## AIM OF THE EXERCISE
If a line of the records holds the word "longleftrightarrow", copy it out.
== EXERCISE INPUTS ==
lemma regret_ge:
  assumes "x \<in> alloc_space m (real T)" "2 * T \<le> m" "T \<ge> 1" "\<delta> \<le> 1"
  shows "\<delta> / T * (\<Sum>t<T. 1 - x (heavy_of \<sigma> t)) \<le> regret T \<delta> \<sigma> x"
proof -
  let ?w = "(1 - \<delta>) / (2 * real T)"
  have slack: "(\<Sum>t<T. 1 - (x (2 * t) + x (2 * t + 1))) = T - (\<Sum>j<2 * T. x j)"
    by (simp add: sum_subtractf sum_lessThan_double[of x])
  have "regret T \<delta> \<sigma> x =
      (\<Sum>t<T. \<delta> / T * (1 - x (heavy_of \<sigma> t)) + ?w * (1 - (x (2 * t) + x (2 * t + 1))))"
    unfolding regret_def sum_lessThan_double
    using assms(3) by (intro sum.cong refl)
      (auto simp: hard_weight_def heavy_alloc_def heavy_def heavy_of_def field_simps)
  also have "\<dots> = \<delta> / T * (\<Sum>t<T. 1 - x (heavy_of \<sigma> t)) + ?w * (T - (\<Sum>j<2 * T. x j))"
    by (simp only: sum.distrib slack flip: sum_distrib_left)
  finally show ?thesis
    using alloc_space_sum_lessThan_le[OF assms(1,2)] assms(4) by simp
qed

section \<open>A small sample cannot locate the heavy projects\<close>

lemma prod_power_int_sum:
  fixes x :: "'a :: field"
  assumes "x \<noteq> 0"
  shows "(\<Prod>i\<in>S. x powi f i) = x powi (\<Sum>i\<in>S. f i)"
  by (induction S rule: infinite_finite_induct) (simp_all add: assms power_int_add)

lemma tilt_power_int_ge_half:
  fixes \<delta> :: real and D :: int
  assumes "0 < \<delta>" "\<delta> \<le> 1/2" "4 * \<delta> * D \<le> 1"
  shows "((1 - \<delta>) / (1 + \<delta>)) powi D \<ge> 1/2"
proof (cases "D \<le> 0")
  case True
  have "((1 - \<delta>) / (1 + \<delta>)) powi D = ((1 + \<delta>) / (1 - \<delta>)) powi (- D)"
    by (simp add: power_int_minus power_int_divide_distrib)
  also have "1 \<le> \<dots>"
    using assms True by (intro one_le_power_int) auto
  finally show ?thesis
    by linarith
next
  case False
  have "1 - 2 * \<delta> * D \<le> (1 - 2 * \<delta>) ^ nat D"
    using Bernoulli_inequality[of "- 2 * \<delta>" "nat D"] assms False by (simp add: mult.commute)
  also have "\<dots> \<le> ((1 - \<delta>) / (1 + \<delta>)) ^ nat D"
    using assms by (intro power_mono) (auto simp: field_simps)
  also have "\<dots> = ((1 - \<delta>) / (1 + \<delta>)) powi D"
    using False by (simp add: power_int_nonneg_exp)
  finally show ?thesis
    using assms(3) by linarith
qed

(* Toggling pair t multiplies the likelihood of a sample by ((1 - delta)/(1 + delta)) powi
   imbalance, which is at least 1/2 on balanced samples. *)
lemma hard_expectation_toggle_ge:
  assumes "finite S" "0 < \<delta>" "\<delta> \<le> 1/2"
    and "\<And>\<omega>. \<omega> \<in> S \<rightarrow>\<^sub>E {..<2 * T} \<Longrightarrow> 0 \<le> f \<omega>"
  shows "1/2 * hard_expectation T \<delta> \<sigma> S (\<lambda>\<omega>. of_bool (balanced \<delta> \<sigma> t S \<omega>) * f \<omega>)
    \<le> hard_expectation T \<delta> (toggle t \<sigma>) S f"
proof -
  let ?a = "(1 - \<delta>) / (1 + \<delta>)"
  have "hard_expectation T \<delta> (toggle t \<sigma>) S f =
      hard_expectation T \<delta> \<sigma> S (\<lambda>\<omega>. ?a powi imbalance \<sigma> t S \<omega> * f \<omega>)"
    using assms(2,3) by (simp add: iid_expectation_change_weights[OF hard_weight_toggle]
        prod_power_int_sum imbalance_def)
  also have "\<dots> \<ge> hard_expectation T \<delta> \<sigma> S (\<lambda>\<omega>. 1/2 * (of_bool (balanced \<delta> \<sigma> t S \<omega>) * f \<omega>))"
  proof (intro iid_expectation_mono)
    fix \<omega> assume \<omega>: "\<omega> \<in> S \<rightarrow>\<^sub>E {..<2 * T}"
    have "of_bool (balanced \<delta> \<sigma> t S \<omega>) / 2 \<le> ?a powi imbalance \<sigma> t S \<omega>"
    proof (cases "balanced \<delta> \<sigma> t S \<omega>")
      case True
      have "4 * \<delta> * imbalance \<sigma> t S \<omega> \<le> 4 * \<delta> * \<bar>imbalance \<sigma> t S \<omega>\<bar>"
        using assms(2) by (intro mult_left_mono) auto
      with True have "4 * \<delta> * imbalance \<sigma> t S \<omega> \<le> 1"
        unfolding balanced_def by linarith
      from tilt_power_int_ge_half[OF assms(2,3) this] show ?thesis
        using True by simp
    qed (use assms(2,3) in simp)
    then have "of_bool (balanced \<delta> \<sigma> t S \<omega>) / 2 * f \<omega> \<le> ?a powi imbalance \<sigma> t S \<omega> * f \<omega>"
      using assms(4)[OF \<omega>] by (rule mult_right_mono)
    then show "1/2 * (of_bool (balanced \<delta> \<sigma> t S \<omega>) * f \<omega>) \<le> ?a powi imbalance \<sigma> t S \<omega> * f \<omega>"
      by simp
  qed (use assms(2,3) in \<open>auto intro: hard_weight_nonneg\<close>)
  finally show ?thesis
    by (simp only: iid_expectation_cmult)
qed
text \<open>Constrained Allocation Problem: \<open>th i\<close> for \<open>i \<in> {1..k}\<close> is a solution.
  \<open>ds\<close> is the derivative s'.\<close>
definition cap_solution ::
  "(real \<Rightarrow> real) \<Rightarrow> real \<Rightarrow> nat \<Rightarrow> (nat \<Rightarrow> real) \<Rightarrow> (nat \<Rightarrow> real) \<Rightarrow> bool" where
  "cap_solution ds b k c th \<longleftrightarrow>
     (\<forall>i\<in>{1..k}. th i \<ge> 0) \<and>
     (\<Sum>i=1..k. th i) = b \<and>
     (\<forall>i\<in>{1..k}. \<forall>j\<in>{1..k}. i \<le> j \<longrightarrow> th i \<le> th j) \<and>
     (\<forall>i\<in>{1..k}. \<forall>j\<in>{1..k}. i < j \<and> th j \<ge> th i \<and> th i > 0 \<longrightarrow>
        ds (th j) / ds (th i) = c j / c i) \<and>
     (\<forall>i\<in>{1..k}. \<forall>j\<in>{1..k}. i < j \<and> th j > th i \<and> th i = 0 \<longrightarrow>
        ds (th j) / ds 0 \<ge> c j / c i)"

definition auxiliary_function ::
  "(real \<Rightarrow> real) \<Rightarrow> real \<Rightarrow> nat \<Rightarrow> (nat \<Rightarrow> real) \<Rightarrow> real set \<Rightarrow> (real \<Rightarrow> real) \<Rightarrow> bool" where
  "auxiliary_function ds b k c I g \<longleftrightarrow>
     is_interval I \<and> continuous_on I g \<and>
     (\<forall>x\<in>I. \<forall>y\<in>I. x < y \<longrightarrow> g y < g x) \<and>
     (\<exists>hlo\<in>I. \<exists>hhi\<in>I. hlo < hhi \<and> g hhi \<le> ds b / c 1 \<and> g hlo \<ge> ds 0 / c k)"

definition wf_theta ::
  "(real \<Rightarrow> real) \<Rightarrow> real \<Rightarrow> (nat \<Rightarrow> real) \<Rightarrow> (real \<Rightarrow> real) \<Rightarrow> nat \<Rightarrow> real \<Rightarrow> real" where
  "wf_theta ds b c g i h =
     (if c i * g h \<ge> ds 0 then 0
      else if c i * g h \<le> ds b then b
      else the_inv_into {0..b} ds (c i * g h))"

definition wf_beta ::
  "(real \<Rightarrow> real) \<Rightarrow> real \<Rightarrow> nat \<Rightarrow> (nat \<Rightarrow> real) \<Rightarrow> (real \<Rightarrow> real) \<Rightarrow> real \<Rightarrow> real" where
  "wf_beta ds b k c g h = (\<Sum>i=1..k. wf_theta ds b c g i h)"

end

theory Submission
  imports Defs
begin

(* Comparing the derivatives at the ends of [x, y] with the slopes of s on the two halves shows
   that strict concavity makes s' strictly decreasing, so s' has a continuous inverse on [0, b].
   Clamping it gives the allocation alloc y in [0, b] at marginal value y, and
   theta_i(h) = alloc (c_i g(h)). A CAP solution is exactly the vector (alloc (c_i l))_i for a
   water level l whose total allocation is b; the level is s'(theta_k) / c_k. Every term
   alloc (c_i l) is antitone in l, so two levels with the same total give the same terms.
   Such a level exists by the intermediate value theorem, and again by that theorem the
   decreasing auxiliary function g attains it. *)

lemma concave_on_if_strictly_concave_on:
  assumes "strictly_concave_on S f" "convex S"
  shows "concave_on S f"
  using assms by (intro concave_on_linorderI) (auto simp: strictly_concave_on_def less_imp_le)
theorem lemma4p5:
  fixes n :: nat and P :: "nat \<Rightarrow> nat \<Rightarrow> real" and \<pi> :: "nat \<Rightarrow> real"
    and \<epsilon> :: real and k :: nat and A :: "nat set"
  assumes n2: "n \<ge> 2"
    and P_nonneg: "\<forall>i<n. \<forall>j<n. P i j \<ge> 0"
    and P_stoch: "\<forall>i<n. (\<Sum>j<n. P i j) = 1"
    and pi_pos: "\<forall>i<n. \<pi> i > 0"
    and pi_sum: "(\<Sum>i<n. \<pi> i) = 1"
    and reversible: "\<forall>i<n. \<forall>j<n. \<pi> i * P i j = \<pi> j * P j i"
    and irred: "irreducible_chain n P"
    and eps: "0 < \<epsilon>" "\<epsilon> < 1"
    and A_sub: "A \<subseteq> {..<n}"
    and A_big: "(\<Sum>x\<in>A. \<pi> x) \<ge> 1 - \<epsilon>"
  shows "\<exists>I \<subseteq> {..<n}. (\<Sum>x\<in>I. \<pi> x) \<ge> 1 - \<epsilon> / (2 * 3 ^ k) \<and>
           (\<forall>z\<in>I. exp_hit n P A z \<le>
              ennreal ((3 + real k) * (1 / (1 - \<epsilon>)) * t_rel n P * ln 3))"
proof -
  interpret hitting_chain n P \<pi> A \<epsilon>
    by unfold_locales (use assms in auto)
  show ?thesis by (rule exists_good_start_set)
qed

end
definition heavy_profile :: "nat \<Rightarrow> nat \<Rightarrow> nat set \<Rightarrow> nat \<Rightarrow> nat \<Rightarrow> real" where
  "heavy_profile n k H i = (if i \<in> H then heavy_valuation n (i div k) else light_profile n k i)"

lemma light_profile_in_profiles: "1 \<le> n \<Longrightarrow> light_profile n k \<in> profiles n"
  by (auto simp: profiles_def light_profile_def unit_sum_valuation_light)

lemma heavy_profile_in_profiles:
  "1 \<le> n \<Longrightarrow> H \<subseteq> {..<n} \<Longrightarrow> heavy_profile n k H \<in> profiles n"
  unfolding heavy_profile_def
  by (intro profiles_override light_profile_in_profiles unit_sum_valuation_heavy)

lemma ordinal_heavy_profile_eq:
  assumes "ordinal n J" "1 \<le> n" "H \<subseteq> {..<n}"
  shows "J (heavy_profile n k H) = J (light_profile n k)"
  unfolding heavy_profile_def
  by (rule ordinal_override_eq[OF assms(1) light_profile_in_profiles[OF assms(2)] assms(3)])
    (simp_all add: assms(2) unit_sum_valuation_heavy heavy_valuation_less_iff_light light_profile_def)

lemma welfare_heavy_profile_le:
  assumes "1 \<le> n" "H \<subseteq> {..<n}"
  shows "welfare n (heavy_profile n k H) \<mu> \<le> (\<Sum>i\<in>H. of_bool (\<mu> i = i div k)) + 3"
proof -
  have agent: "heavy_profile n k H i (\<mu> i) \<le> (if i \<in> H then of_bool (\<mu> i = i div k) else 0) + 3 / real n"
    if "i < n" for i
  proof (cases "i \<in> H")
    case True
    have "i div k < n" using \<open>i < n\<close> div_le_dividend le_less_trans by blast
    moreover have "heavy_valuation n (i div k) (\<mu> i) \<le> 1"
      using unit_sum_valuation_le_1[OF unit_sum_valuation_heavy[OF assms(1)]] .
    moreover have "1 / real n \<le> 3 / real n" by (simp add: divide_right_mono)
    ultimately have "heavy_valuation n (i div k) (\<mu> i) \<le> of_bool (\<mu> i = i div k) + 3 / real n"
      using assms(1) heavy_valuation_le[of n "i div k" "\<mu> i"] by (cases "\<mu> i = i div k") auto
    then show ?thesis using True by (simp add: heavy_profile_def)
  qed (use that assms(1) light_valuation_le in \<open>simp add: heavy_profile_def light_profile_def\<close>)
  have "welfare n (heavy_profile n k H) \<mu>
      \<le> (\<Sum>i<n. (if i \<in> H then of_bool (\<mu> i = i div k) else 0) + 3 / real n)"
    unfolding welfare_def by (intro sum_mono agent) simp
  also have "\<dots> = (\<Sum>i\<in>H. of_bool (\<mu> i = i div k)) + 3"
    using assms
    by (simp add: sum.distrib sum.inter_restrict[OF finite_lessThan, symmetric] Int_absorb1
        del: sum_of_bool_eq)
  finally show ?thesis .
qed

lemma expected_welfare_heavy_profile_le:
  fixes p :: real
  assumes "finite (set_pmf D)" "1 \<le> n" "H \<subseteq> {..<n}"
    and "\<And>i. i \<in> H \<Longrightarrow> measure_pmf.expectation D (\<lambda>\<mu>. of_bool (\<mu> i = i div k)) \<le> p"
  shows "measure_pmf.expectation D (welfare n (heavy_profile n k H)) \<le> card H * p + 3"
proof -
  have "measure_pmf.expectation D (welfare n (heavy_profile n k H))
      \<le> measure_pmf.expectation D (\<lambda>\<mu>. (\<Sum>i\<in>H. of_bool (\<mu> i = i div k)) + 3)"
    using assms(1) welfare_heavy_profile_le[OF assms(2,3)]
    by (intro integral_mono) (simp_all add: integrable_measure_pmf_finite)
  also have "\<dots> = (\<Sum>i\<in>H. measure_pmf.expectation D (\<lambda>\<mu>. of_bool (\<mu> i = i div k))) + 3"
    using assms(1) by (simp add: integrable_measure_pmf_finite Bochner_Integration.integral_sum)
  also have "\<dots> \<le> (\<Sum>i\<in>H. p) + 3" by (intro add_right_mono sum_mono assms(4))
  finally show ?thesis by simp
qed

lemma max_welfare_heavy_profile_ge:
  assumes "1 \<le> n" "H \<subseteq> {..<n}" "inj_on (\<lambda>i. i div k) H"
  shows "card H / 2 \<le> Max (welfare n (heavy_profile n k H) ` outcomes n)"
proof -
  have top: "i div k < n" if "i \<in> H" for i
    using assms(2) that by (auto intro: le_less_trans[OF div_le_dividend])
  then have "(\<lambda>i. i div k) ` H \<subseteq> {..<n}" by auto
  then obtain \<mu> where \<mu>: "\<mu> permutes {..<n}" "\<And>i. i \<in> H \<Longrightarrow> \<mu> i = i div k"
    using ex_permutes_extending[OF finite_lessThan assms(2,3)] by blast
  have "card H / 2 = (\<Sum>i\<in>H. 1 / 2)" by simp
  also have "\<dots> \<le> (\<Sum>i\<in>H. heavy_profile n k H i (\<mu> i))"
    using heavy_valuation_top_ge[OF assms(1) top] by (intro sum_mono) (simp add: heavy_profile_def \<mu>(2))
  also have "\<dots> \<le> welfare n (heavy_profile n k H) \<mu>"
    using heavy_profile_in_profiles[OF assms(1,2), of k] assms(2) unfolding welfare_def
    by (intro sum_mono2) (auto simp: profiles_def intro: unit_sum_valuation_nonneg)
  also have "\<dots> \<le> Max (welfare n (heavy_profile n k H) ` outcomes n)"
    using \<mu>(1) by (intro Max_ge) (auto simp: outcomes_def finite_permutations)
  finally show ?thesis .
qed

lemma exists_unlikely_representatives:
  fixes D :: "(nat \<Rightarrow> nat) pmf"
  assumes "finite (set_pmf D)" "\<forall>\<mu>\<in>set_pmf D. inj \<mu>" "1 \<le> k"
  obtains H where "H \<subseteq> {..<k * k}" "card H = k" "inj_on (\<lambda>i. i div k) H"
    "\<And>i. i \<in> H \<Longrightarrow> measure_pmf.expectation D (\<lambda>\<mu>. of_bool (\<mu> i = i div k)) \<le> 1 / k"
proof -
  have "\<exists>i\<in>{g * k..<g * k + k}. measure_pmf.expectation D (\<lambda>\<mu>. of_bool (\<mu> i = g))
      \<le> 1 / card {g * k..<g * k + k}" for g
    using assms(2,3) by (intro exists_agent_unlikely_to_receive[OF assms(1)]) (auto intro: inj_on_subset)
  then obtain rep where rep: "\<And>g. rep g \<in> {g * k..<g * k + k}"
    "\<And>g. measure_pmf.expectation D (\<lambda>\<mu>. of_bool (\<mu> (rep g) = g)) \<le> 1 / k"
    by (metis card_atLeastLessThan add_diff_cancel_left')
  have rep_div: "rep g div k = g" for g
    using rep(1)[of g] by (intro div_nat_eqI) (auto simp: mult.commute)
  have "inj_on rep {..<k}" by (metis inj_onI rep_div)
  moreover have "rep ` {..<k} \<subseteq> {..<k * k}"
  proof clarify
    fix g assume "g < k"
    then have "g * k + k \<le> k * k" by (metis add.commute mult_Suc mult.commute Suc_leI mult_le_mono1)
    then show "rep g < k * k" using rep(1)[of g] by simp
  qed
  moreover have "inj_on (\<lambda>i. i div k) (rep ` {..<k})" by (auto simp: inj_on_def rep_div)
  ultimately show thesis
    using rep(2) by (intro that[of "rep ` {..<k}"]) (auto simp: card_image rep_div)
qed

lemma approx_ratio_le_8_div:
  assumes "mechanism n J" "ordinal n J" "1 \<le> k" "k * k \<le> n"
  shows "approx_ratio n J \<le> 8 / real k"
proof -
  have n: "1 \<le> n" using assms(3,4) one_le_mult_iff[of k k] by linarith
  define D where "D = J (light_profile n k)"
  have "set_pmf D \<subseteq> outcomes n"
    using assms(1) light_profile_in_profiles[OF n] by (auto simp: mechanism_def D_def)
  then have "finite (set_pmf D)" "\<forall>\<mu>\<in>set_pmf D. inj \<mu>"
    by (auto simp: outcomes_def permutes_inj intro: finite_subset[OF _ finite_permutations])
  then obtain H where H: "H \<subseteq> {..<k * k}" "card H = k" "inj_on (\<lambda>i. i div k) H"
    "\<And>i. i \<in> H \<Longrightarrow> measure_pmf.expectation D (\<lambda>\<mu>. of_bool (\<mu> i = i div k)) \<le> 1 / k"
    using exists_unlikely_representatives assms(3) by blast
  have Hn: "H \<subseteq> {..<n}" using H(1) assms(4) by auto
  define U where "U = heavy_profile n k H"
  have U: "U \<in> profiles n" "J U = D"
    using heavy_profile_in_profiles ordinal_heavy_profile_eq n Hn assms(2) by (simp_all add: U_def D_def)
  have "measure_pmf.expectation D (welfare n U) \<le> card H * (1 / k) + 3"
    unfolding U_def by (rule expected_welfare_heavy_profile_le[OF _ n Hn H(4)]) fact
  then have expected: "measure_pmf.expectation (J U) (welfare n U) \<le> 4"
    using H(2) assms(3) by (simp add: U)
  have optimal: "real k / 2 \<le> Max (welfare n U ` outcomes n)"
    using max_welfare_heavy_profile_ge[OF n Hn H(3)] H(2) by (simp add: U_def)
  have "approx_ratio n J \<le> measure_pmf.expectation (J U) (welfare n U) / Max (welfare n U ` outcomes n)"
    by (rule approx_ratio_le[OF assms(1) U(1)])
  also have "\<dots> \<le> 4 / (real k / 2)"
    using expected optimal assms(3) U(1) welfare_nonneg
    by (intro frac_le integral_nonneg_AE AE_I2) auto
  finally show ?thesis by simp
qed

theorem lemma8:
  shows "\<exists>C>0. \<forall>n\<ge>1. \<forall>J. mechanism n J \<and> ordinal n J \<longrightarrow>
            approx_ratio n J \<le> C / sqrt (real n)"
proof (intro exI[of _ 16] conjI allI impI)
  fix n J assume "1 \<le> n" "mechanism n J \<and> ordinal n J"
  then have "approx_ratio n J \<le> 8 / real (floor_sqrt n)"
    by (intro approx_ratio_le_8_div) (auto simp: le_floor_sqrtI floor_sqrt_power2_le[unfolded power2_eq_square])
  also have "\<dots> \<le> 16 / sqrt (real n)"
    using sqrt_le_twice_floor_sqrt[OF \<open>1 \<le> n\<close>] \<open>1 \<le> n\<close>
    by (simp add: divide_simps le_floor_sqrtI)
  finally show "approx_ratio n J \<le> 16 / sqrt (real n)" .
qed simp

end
===
## WRITTEN RESPONSE
  "cap_solution ds b k c th \<longleftrightarrow>
  "auxiliary_function ds b k c I g \<longleftrightarrow>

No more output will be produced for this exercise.